**EXERCISE DESCRIPTION**
Go through the entries below and copy each line containing the word "longleftrightarrow".

**RECORD EXTRACTS**
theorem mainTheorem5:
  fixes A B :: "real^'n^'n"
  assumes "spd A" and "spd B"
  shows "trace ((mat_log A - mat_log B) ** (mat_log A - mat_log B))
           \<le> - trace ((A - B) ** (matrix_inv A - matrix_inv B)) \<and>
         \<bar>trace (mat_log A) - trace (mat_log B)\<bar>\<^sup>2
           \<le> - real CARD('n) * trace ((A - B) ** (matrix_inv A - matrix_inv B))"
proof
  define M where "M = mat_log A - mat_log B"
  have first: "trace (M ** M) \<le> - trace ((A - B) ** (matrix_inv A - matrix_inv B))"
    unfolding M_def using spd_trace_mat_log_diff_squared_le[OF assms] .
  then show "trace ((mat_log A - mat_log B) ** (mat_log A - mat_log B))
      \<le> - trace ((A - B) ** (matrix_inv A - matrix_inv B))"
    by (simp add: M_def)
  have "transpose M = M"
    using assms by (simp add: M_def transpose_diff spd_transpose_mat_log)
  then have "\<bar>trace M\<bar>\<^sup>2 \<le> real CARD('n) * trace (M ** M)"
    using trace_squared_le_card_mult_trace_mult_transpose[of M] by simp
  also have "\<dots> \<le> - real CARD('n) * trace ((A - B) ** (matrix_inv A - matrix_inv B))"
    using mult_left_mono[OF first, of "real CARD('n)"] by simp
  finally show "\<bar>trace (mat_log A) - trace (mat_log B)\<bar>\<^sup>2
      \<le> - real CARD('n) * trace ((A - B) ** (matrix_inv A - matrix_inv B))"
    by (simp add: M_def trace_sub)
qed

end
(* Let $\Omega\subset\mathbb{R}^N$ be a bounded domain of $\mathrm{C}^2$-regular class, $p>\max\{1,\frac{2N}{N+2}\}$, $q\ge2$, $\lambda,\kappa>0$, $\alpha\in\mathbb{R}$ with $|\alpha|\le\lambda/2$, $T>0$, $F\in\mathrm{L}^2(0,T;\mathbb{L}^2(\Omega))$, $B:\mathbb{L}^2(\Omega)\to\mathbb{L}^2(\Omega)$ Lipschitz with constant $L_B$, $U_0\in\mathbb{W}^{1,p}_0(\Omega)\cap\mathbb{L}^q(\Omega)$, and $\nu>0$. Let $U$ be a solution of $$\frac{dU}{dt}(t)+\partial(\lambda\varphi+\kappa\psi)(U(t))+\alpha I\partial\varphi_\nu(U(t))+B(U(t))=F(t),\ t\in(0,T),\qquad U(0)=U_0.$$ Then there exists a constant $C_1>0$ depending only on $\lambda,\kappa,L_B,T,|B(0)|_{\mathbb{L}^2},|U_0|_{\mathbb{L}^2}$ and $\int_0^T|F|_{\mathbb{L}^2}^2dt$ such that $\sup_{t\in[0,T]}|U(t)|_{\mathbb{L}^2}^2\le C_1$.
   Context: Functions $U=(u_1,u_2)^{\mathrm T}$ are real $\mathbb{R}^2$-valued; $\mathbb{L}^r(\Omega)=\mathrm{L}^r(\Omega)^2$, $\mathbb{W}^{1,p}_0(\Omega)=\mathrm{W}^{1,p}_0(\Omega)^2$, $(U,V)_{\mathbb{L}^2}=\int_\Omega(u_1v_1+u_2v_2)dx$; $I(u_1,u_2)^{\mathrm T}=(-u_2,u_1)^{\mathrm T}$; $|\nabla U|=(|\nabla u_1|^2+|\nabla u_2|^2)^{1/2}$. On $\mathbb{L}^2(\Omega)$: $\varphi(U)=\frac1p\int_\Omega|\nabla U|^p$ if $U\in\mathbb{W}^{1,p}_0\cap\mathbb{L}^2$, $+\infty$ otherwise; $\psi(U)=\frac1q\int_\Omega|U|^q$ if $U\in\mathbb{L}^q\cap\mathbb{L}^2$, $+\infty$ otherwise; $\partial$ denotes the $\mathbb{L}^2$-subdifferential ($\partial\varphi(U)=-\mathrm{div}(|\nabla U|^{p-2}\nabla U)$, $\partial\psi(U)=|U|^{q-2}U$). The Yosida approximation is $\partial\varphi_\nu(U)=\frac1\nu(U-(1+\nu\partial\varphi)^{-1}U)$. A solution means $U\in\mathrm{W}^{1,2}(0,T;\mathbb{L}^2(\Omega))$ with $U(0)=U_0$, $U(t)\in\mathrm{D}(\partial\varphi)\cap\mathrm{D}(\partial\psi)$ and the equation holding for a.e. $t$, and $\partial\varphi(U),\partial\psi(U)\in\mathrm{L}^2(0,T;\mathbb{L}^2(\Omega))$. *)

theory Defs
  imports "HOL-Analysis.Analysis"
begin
--
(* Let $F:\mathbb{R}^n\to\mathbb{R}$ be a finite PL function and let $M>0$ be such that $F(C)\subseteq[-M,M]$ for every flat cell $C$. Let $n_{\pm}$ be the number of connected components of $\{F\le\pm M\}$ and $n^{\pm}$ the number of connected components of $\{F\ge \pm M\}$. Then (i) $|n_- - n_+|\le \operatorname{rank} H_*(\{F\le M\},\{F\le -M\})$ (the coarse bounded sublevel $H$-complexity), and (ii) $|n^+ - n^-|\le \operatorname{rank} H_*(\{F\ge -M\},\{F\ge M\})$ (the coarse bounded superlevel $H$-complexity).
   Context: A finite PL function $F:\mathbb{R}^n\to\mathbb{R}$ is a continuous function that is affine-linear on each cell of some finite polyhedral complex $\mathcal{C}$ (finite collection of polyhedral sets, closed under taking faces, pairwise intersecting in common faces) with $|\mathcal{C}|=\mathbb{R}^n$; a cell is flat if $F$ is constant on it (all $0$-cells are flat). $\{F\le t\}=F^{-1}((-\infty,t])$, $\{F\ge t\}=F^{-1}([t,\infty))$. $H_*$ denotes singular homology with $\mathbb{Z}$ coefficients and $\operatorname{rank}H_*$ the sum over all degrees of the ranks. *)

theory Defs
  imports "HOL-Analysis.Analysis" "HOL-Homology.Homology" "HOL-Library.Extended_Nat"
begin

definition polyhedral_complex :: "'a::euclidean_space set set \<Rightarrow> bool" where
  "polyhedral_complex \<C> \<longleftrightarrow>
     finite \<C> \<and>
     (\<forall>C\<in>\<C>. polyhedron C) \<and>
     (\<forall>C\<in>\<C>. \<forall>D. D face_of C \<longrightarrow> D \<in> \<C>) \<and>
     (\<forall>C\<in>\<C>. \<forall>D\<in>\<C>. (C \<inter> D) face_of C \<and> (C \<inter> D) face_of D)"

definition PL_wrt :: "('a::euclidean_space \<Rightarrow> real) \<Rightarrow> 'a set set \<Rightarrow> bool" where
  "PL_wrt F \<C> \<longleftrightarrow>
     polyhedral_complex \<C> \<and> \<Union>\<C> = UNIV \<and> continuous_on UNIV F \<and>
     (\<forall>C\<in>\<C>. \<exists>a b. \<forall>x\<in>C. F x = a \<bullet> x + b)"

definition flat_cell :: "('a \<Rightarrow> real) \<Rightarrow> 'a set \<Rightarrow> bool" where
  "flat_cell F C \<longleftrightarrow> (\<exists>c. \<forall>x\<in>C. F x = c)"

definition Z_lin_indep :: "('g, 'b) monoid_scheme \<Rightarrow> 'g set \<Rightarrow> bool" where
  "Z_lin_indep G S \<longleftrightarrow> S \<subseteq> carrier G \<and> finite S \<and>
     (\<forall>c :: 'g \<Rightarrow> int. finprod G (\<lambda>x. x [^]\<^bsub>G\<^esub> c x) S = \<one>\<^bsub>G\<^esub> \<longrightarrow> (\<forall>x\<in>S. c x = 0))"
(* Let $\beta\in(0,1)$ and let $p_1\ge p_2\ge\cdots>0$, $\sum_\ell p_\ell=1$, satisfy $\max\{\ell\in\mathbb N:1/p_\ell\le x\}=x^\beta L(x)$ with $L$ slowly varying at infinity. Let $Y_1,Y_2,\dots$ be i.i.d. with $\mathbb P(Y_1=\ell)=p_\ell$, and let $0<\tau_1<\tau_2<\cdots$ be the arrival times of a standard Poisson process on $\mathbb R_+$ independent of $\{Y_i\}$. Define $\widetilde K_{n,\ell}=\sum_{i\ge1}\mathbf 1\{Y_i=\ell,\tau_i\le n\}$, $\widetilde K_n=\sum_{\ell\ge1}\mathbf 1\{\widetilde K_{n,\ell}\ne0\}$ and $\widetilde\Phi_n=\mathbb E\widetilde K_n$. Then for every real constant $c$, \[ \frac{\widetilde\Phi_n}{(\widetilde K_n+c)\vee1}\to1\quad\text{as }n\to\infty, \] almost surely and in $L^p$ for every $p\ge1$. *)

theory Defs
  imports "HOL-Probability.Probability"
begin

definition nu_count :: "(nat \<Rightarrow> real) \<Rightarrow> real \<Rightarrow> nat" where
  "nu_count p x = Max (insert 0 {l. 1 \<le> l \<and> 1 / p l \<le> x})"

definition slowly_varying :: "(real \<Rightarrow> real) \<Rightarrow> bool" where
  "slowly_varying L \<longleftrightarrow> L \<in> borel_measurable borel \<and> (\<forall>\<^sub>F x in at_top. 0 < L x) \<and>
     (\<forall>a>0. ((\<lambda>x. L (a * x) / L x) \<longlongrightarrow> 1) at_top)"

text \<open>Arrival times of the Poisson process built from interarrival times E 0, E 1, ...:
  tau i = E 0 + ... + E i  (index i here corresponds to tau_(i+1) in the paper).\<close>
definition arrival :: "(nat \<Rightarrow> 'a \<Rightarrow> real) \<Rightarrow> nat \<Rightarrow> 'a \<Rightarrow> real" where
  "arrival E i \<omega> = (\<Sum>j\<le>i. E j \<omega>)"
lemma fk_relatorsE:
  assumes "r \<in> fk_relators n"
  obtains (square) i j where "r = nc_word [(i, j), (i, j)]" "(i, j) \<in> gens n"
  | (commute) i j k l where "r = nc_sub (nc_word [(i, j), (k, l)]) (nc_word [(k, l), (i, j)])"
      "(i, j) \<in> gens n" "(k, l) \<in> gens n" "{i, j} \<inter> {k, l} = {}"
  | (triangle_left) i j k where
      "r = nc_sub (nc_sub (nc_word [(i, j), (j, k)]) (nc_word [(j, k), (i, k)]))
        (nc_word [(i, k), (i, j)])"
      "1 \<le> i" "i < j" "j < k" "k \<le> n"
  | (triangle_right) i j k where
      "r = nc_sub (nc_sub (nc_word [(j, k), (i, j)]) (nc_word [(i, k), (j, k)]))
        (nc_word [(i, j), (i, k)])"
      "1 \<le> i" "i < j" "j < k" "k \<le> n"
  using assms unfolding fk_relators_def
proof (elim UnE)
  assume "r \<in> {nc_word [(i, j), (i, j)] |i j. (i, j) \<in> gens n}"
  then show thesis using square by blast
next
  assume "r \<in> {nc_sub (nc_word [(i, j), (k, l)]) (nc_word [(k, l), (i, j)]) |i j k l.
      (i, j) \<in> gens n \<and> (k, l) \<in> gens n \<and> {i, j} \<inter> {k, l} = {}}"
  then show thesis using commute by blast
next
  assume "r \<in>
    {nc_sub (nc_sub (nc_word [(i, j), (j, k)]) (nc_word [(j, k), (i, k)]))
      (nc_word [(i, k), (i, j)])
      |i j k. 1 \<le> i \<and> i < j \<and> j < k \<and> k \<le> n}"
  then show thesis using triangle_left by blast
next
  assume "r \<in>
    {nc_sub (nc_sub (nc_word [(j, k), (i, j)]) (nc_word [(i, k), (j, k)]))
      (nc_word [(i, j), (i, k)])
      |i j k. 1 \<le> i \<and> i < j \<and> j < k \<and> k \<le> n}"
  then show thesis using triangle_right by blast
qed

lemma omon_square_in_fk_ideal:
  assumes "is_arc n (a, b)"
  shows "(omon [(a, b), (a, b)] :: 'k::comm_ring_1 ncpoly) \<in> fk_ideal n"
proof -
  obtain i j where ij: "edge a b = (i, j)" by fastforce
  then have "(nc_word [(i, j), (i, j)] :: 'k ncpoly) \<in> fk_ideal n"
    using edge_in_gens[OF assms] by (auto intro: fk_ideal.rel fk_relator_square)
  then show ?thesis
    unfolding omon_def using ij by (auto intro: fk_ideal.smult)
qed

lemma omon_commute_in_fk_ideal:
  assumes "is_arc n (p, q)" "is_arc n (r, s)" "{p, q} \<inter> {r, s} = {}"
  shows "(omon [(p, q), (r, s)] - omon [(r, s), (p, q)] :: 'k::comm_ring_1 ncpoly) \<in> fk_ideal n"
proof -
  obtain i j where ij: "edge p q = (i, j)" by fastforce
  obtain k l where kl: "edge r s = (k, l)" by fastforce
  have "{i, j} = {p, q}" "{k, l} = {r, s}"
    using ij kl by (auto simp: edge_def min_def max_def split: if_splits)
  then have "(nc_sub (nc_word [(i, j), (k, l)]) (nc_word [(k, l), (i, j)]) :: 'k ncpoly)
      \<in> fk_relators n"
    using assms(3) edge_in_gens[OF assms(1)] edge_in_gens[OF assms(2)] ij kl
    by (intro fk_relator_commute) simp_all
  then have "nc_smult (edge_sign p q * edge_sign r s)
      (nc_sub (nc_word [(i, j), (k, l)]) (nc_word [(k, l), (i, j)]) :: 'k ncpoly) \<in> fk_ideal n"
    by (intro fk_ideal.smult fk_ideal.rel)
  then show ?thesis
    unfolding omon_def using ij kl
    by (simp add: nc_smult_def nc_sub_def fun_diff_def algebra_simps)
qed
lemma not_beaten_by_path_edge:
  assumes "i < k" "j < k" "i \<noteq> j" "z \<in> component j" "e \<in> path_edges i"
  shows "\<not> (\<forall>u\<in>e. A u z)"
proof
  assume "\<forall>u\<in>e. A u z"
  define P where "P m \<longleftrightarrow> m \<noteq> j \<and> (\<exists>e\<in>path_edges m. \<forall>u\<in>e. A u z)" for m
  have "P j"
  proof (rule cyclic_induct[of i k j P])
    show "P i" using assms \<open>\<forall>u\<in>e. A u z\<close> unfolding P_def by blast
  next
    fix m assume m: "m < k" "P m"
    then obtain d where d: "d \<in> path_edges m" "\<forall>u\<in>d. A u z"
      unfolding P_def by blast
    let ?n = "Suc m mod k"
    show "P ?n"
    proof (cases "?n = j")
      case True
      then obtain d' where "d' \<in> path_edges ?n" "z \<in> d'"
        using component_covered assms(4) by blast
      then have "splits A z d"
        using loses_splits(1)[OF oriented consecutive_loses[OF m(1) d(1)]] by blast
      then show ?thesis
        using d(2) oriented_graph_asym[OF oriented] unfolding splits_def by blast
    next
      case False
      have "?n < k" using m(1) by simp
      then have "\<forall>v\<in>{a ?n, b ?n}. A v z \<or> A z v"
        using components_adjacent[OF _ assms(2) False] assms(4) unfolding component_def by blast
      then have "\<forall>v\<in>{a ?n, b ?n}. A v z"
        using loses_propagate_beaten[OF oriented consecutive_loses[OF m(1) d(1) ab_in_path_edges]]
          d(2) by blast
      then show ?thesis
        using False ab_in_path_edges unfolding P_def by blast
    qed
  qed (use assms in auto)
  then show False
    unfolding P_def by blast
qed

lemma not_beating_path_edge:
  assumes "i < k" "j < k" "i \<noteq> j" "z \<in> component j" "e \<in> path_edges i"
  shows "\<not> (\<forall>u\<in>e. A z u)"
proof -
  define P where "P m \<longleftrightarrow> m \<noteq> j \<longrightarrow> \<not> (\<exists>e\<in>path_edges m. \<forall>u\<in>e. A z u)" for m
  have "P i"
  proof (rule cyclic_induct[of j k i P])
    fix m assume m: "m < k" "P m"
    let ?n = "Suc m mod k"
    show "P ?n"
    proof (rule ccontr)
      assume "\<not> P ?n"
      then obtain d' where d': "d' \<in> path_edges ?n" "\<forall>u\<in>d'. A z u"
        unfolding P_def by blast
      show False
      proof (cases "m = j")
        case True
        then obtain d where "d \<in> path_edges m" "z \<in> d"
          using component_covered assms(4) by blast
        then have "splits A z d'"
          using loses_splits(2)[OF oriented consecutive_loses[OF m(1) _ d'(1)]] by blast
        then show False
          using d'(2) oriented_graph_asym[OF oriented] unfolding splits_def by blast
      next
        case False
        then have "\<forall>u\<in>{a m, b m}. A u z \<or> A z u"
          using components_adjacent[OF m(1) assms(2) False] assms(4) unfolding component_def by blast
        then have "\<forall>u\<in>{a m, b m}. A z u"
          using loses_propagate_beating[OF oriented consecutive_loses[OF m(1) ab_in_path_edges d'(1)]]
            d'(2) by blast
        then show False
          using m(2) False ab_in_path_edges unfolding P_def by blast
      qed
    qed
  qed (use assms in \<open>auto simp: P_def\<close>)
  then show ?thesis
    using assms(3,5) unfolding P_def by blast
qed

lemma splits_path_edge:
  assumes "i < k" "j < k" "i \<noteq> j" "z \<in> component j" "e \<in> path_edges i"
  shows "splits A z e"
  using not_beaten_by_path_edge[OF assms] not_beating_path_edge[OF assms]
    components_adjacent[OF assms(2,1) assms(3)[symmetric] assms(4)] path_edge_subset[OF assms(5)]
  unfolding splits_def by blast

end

**YOUR RESPONSE**
  "polyhedral_complex \<C> \<longleftrightarrow>
  "PL_wrt F \<C> \<longleftrightarrow>
  "flat_cell F C \<longleftrightarrow> (\<exists>c. \<forall>x\<in>C. F x = c)"
  "Z_lin_indep G S \<longleftrightarrow> S \<subseteq> carrier G \<and> finite S \<and>
  "slowly_varying L \<longleftrightarrow> L \<in> borel_measurable borel \<and> (\<forall>\<^sub>F x in at_top. 0 < L x) \<and>
  define P where "P m \<longleftrightarrow> m \<noteq> j \<and> (\<exists>e\<in>path_edges m. \<forall>u\<in>e. A u z)" for m
  define P where "P m \<longleftrightarrow> m \<noteq> j \<longrightarrow> \<not> (\<exists>e\<in>path_edges m. \<forall>u\<in>e. A z u)" for m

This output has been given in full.